** Opening Input block **

(* The remaining pairs: S full (through b from {..<n-1}) and S empty (through b from {n-1}). *)
lemma reachable_full_K:
  assumes T: "T \<subseteq> {..<m}" "m-1 \<in> T"
  shows "reachable ({..<n}, T)"
proof -
  have "preL b T \<subseteq> {..<m}" "m-1 \<in> preL b T" using T m3 by (auto simp: preL_def)
  moreover have "{..<n-1} \<subseteq> {..<n}" "{..<n-1} \<noteq> {}" "{..<n-1} \<noteq> {..<n}"
    using n3 by (auto simp: lessThan_empty_iff)
  ultimately have "reachable ({..<n-1}, preL b T)" using reachable_last_L by simp
  moreover have "preK b {..<n-1} = {..<n}" using n3 by (auto simp: preK_def)
  moreover have "preL b (preL b T) = T" using T m3 by (auto simp: preL_def)
  ultimately have "step ({..<n-1}, preL b T) b = ({..<n}, T)" using T(2) n3 by (auto simp: step_def)
  then show ?thesis using reachable_step[OF \<open>reachable ({..<n-1}, preL b T)\<close>, of b] by simp
qed

lemma reachable_empty_K:
  assumes T: "T \<subseteq> {..<m}"
  shows "reachable ({}, T)"
proof -
  have "preL b T \<subseteq> {..<m}" by (auto simp: preL_def)
  then have "reachable ({n-1}, preL b T)" using reachable_no0 n3 by simp
  moreover have "preK b {n-1} = {}" using n3 by (auto simp: preK_def)
  moreover have "preL b (preL b T) = T" using T m3 by (auto simp: preL_def)
  ultimately have "step ({n-1}, preL b T) b = ({}, T)" by (simp add: step_def)
  then show ?thesis using reachable_step[OF \<open>reachable ({n-1}, preL b T)\<close>, of b] by simp
qed

theorem range_state: "range state = Valid"
proof
  show "range state \<subseteq> Valid" using reachable_Valid unfolding reachable_def by blast
next
  show "Valid \<subseteq> range state"
  proof (clarify)
    fix S T assume "(S,T) \<in> Valid"
    then have S: "S \<subseteq> {..<n}" "T \<subseteq> {..<m}" "0 \<in> S \<longrightarrow> m-1 \<in> T" by (auto simp: Valid_def)
    consider "S = {}" | "S \<noteq> {}" "0 \<notin> S" | "S = {..<n}" | "S \<noteq> {}" "0 \<in> S" "S \<noteq> {..<n}"
      by blast
    then have "reachable (S,T)"
      by cases (use S n3 reachable_empty_K reachable_no0 reachable_full_K reachable_last_L in auto)
    then show "(S,T) \<in> range state" by (simp add: reachable_def)
  qed
qed

lemma future_full: "future (S, {..<m}) = UNIV"
  using fold_full m3 by (auto simp: future_def)

lemma a_power_in_future:
  assumes S: "S \<subseteq> {..<n}" and T: "T \<subseteq> {..<m}" and q: "q < m"
  shows "replicate q a \<in> future (S,T) \<longleftrightarrow> q \<in> T"
proof (cases "0 \<in> S")
  case True
  then show ?thesis using fold_a_fill[OF S True T] q by (simp add: future_def)
next
  case False
  then show ?thesis using fold_a[OF S False T] q by (simp add: future_def rotL_def)
qed

(* A state j \<in> S - S' is detected by d^j a^(m+q) when q < m-1 is missing from T: from (S,T) the
   word fills T completely, from (S',T) it only rotates T back to itself. *)
lemma future_separates_K:
  assumes S: "S \<subseteq> {..<n}" "S' \<subseteq> {..<n}" and T: "T \<subseteq> {..<m}"
    and j: "j \<in> S" "j \<notin> S'" and q: "q \<notin> T" "q < m - 1"
  shows "replicate j d @ replicate (m + q) a \<in> future (S,T) - future (S',T)"
proof -
  define T1 where "T1 = T \<union> (if \<exists>l. 1 \<le> l \<and> l \<le> j \<and> l mod n \<in> S then {m-1} else {})"
  define T2 where "T2 = T \<union> (if \<exists>l. 1 \<le> l \<and> l \<le> j \<and> l mod n \<in> S' then {m-1} else {})"
  have T12: "T1 \<subseteq> {..<m}" "T2 \<subseteq> {..<m}" using T m3 by (auto simp: T1_def T2_def)
  have rot: "rotK S j \<subseteq> {..<n}" "rotK S' j \<subseteq> {..<n}" by (auto simp: rotK_def)
  have zero: "0 \<in> rotK S j" "0 \<notin> rotK S' j" using j S n3 by (auto simp: rotK_def)
  have "foldl step (S,T) (replicate j d @ replicate m a) = (rotK S j, {..<m})"
    using fold_d[OF S(1) T] fold_a_fill[OF rot(1) zero(1) T12(1), of m] by (auto simp: T1_def)
  then have "snd (foldl step (S,T) (replicate j d @ replicate (m + q) a)) = {..<m}"
    using fold_full by (simp add: replicate_add)
  then have "replicate j d @ replicate (m + q) a \<in> future (S,T)"
    using m3 by (simp add: future_def)
  moreover have "foldl step (S',T) (replicate j d @ replicate (m + q) a) = (rotK S' j, rotL T2 (m + q))"
    using fold_d[OF S(2) T] fold_a[OF rot(2) zero(2) T12(2)] by (simp add: T2_def)
  moreover have "q \<notin> T2" using q by (auto simp: T2_def)
  ultimately show ?thesis using q by (simp add: future_def rotL_def)
qed

lemma future_separates_K_sym:
  assumes "S \<subseteq> {..<n}" "S' \<subseteq> {..<n}" "S \<noteq> S'" "T \<subseteq> {..<m}" "q \<notin> T" "q < m - 1"
  shows "future (S,T) \<noteq> future (S',T)"
proof -
  obtain j where "j \<in> S \<and> j \<notin> S' \<or> j \<in> S' \<and> j \<notin> S" using assms(3) by blast
  then show ?thesis
  proof (elim disjE conjE)
    assume "j \<in> S" "j \<notin> S'"
    from future_separates_K[OF assms(1,2,4) this assms(5,6)] show ?thesis by blast
  next
    assume "j \<in> S'" "j \<notin> S"
    from future_separates_K[OF assms(2,1,4) this assms(5,6)] show ?thesis by blast
  qed
qed

(* The case T = {..<m} - {m-1} not covered above: one letter a turns T into {..<m} - {m-2}. *)
lemma future_separates_K_last:
  assumes S: "S \<subseteq> {..<n}" "S' \<subseteq> {..<n}" "0 \<notin> S" "0 \<notin> S'" "S \<noteq> S'"
  shows "future (S, {..<m} - {m-1}) \<noteq> future (S', {..<m} - {m-1})"
proof
  assume eq: "future (S, {..<m} - {m-1}) = future (S', {..<m} - {m-1})"
  have "rotL ({..<m} - {m-1}) 1 = {..<m} - {m-2}"
  proof -
    have "(q + 1) mod m = m-1 \<longleftrightarrow> q = m-2" if "q < m" for q
      using that m3 by (cases "q = m - 1") auto
    then show ?thesis by (auto simp: rotL_def)
  qed
  then have st: "step (S, {..<m} - {m-1}) a = (S, {..<m} - {m-2})"
    "step (S', {..<m} - {m-1}) a = (S', {..<m} - {m-2})"
    using S by (auto simp: step_a)
  have future_step: "future (step p a) = {v. a # v \<in> future p}" for p
    using future_Cons by blast
  have "future (S, {..<m} - {m-2}) = future (step (S, {..<m} - {m-1}) a)" using st(1) by simp
  also have "\<dots> = future (step (S', {..<m} - {m-1}) a)" using eq by (simp add: future_step)
  also have "\<dots> = future (S', {..<m} - {m-2})" using st(2) by simp
  finally have "future (S, {..<m} - {m-2}) = future (S', {..<m} - {m-2})" .
  moreover have "{..<m} - {m-2} \<subseteq> {..<m}" "m-2 \<notin> {..<m} - {m-2}" "m-2 < m-1" using m3 by auto
  ultimately show False using S future_separates_K_sym by blast
qed

definition Valid_proper :: "(nat set \<times> nat set) set" where
  "Valid_proper = {(S,T) \<in> Valid. T \<noteq> {..<m}}"

lemma future_inj_L:
  assumes "(S,T) \<in> Valid" "(S',T') \<in> Valid" "future (S,T) = future (S',T')"
  shows "T = T'"
proof -
  have "q \<in> T \<longleftrightarrow> q \<in> T'" if "q < m" for q
    using a_power_in_future[OF _ _ that, of S T] a_power_in_future[OF _ _ that, of S' T'] assms
    by (auto simp: Valid_def)
  then show ?thesis using assms(1,2) by (auto simp: Valid_def)
qed

lemma future_inj_K:
  assumes V: "(S,T) \<in> Valid_proper" "(S',T) \<in> Valid_proper" and eq: "future (S,T) = future (S',T)"
  shows "S = S'"
proof (rule ccontr)
  assume ne: "S \<noteq> S'"
  have h: "S \<subseteq> {..<n}" "S' \<subseteq> {..<n}" "T \<subseteq> {..<m}" "T \<noteq> {..<m}"
    "0 \<in> S \<longrightarrow> m-1 \<in> T" "0 \<in> S' \<longrightarrow> m-1 \<in> T"
    using V by (auto simp: Valid_proper_def Valid_def)
  show False
  proof (cases "\<exists>q < m - 1. q \<notin> T")
    case True
    then obtain q where "q < m - 1" "q \<notin> T" by blast
    then show False using future_separates_K_sym[OF h(1,2) ne h(3)] eq by blast
  next
    case False
    have below: "q < m \<Longrightarrow> q < m - 1 \<or> q = m - 1" for q by arith
    then have "m-1 \<notin> T" using False h(3,4) by blast
    then have "T = {..<m} - {m-1}" using False h(3) below by blast
    then have "0 \<notin> S" "0 \<notin> S'" using h(5,6) m3 by auto
    then show False using future_separates_K_last[OF h(1,2) _ _ ne] eq \<open>T = {..<m} - {m-1}\<close>
      by simp
  qed
qed

lemma future_inj: "inj_on future Valid_proper"
proof (rule inj_onI, clarify)
  fix S T S' T' assume V: "(S,T) \<in> Valid_proper" "(S',T') \<in> Valid_proper"
    and eq: "future (S,T) = future (S',T')"
  have "(S,T) \<in> Valid" "(S',T') \<in> Valid" using V by (auto simp: Valid_proper_def)
  then have "T = T'" using eq by (rule future_inj_L)
  then show "S = S' \<and> T = T'" using future_inj_K V eq by blast
qed

lemma future_proper_not_UNIV:
  assumes "p \<in> Valid_proper" shows "future p \<noteq> UNIV"
proof -
  obtain S T where p: "p = (S,T)" by (cases p)
  then have h: "S \<subseteq> {..<n}" "T \<subseteq> {..<m}" "T \<noteq> {..<m}"
    using assms by (auto simp: Valid_proper_def Valid_def)
  then obtain q where "q < m" "q \<notin> T" by blast
  then have "replicate q a \<notin> future (S,T)" using a_power_in_future[OF h(1,2)] by blast
  then show ?thesis using p by blast
qed

lemma finite_Valid: "finite Valid"
proof -
  have "Valid \<subseteq> Pow {..<n} \<times> Pow {..<m}" by (auto simp: Valid_def)
  then show ?thesis by (rule finite_subset) simp
qed

(* Counting valid pairs: 0 \<notin> S gives 2^(n-1)*2^m pairs, 0 \<in> S gives 2^(n-1)*2^(m-1). *)
lemma card_Valid: "card Valid = 3 * 2 ^ (m + n - 2)"
proof -
  define A1 where "A1 = {S. S \<subseteq> {..<n} \<and> 0 \<notin> S} \<times> Pow {..<m}"
  define A2 where "A2 = {S. S \<subseteq> {..<n} \<and> 0 \<in> S} \<times> {T. T \<subseteq> {..<m} \<and> m-1 \<in> T}"
  have split: "Valid = A1 \<union> A2" "A1 \<inter> A2 = {}" by (auto simp: Valid_def A1_def A2_def)
  have pow: "(2::nat)^(n-1) * 2^(m-1) = 2^(m+n-2)"
    using m3 n3 by (simp add: power_add[symmetric])
  have "(2::nat)^m = 2 * 2^(m-1)" using m3 by (simp add: power_Suc[symmetric])
  then have "card A1 = 2 * 2^(m+n-2)"
    using card_subsets_without[of "{..<n}" 0] n3 pow
    by (simp add: A1_def card_cartesian_product card_Pow)
  moreover have "card A2 = 2^(m+n-2)"
    using card_subsets_with[of "{..<n}" 0] card_subsets_with[of "{..<m}" "m-1"] n3 m3 pow
    by (simp add: A2_def card_cartesian_product)
  moreover have "card Valid = card A1 + card A2"
    using split finite_Valid by (simp add: card_Un_disjoint)
  ultimately show ?thesis by simp
qed

(* The 2^n valid pairs with full T share the future UNIV; all others have distinct futures. *)
lemma card_futures: "card (future ` Valid) = card Valid - 2^n + 1"
proof -
  define Vfull where "Vfull = Pow {..<n} \<times> {{..<m}}"
  have split: "Valid = Valid_proper \<union> Vfull" "Vfull \<subseteq> Valid"
    using m3 by (auto simp: Vfull_def Valid_def Valid_proper_def)
  have card_Vfull: "card Vfull = 2^n" by (simp add: Vfull_def card_cartesian_product card_Pow)
  have "Valid_proper = Valid - Vfull" by (auto simp: Vfull_def Valid_def Valid_proper_def)
  then have card_proper: "card Valid_proper = card Valid - 2^n"
    using card_Diff_subset[OF _ split(2)] finite_Valid finite_subset[OF split(2)] card_Vfull by simp
  have "future ` Vfull = {UNIV}" using future_full by (auto simp: Vfull_def)
  then have "future ` Valid = future ` Valid_proper \<union> {UNIV}" using split(1) by (simp add: image_Un)
  moreover have "UNIV \<notin> future ` Valid_proper"
  proof
    assume "UNIV \<in> future ` Valid_proper"
    then obtain p where "p \<in> Valid_proper" "future p = UNIV" by (metis imageE)
    then show False using future_proper_not_UNIV by blast
  qed
  moreover have "card (future ` Valid_proper) = card Valid_proper" using future_inj by (rule card_image)
  moreover have "finite Valid_proper" using finite_Valid split(1) by auto
  ultimately show ?thesis using card_proper by simp
qed
lemma jordan_corner_vanish: "q ** (\<Delta> a ** a + a ** \<Delta> a) ** q = 0"
proof (rule trace_mult_eq_0_imp_zero)
  fix Y
  let ?B = "q ** Y ** q"
  have "trace (Y ** (q ** (\<Delta> a ** a + a ** \<Delta> a) ** q)) = trace ((a ** ?B + ?B ** a) ** \<Delta> a)"
    unfolding trace_sandwich using trace_mul_sym[of "?B ** \<Delta> a" a]
    by (simp add: matrix_add_ldistrib matrix_add_rdistrib trace_add matrix_mul_assoc add.commute)
  then show "trace (Y ** (q ** (\<Delta> a ** a + a ** \<Delta> a) ** q)) = 0"
    by (simp add: weak_2_local_derivation_orth_jordan_zeros[OF weak_2_local corner_zero])
qed

lemma image_off_diagonal_mult: "q ** \<Delta> a = q ** \<Delta> a ** P" "\<Delta> a ** q = P ** \<Delta> a ** q"
proof -
  have "q ** \<Delta> a = q ** (P ** \<Delta> a ** q + q ** \<Delta> a ** P)"
    by (subst (1) image_off_diagonal) (rule refl)
  then show "q ** \<Delta> a = q ** \<Delta> a ** P"
    by (simp add: matrix_add_ldistrib matrix_mul_assoc q_P q_idem)
  have "\<Delta> a ** q = (P ** \<Delta> a ** q + q ** \<Delta> a ** P) ** q"
    by (subst (1) image_off_diagonal) (rule refl)
  then show "\<Delta> a ** q = P ** \<Delta> a ** q"
    by (simp add: matrix_add_rdistrib matrix_mul_assoc[symmetric] P_q q_idem)
qed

** Closing Input block **

- **Directions for this task**
Check each line of the entries for the word "shows". State how many lines hold it, and write nothing else.

- **Output for this task**
9